WHAT YOU HAVE TO DO -> Your task is to set down the line containing "(so m = CARD('m))" and every later line of the entries, word for word, including the last.

-------- TASK MATERIAL

(* Let $F$ be a face of $\delta\mathcal{A}_{\bm o}$ and let $\bm a,\bm b\in\operatorname{relint}(F)$. Then (i) the parallel translations $\mathcal{A}_{\bm a}$ and $\mathcal{A}_{\bm b}$ are normally equivalent and combinatorially equivalent; (ii) the conings $c\mathcal{A}_{\bm a}$ and $c\mathcal{A}_{\bm b}$ are combinatorially equivalent; (iii) the elementary lifts $\mathcal{A}^{\bm a}$ and $\mathcal{A}^{\bm b}$ are combinatorially equivalent.
   Context: Fix nonzero vectors $\bm u_1,\dots,\bm u_m\in\mathbb{R}^n$ (repetitions and parallel vectors allowed). Derived arrangement: a circuit is a subset $C\subseteq[m]$ such that the indexed family $\{\bm u_i: i\in C\}$ is a minimal linearly dependent family; for each circuit fix $\bm c^C\in\mathbb{R}^m$ with $\sum_i c_i\bm u_i=\bm 0$ and $c_i\ne 0\iff i\in C$. The derived arrangement $\delta\mathcal{A}_{\bm o}$ is the arrangement in $\mathbb{R}^m$ of hyperplanes $\langle\bm c^C,\bm y\rangle=0$ over all circuits $C$; its open faces are the nonempty sets $\{\bm y:\operatorname{sign}\langle\bm c^C,\bm y\rangle=\epsilon_C\ \forall C\}$ for fixed signs $\epsilon_C$, its faces are their closures, and $\operatorname{relint}(F)$ is the open face with closure $F$. Arrangements: for $\bm a\in\mathbb{R}^m$, the parallel translation $\mathcal{A}_{\bm a}$ is the indexed family of affine hyperplanes $H_i=\{\bm x\in\mathbb{R}^n:\langle\bm u_i,\bm x\rangle=a_i\}$, $i=1,\dots,m$; the coning $c\mathcal{A}_{\bm a}$ is the family in $\mathbb{R}^{n+1}$ of the $m+1$ linear hyperplanes $\{(\bm x,x_{n+1}):\langle\bm u_i,\bm x\rangle+a_ix_{n+1}=0\}$, $i=1,\dots,m$, together with $K_0=\{x_{n+1}=0\}$; the elementary lift $\mathcal{A}^{\bm a}$ is the family in $\mathbb{R}^{n+1}$ of the $m$ hyperplanes $\{\langle\bm u_i,\bm x\rangle+a_ix_{n+1}=0\}$, $i=1,\dots,m$. For an arrangement $\mathcal{A}$ of finitely many affine hyperplanes $\{\bm z:\langle\bm w_i,\bm z\rangle=d_i\}$, the open faces are the nonempty subsets of points having the same sign vector $(\operatorname{sign}(\langle\bm w_i,\bm z\rangle-d_i))_i$, the faces are their closures, and the face poset $\mathcal{F}(\mathcal{A})$ is the set of faces ordered by inclusion. Two arrangements are combinatorially equivalent if their face posets are isomorphic. For a nonempty convex polyhedron $P$, $h_P(\bm u)=\sup_{\bm x\in P}\langle\bm u,\bm x\rangle$, $N_P(\bm x)=\{\bm u:\langle\bm u,\bm x\rangle=h_P(\bm u)\}$ for $\bm x\in P$, $N_P(G)=N_P(\bm x)$ for $\bm x\in\operatorname{relint}(G)$, and the normal fan $\mathcal{N}(P)$ is the set of all $N_P(G)$, $G$ a nonempty face; $P,Q$ are normally equivalent if $\mathcal{N}(P)=\mathcal{N}(Q)$. Two arrangements $\mathcal{A},\mathcal{A}'$ in the same $\mathbb{R}^n$ are normally equivalent if there is an order-preserving bijection $\Psi:\mathcal{F}(\mathcal{A})\to\mathcal{F}(\mathcal{A}')$ such that $F$ and $\Psi(F)$ are normally equivalent for every face $F$. *)

theory Defs
  imports "HOL-Analysis.Analysis"
begin

text \<open>The configuration u_1,...,u_m in R^n is a map u from a finite index type 'm
  (so m = CARD('m)) to real^'n. An indexed subfamily {u_i : i in C} is linearly
  independent if every vanishing linear combination has zero coefficients
  (repetitions are respected because we work with the indexed family).\<close>

definition indep_family :: "('m \<Rightarrow> 'v::real_vector) \<Rightarrow> 'm set \<Rightarrow> bool" where
  "indep_family u C \<longleftrightarrow> (\<forall>c. (\<Sum>i\<in>C. c i *\<^sub>R u i) = 0 \<longrightarrow> (\<forall>i\<in>C. c i = 0))"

----------------

EXERCISE ANSWER ->
  (so m = CARD('m)) to real^'n. An indexed subfamily {u_i : i in C} is linearly
  independent if every vanishing linear combination has zero coefficients
  (repetitions are respected because we work with the indexed family).\<close>

definition indep_family :: "('m \<Rightarrow> 'v::real_vector) \<Rightarrow> 'm set \<Rightarrow> bool" where
  "indep_family u C \<longleftrightarrow> (\<forall>c. (\<Sum>i\<in>C. c i *\<^sub>R u i) = 0 \<longrightarrow> (\<forall>i\<in>C. c i = 0))"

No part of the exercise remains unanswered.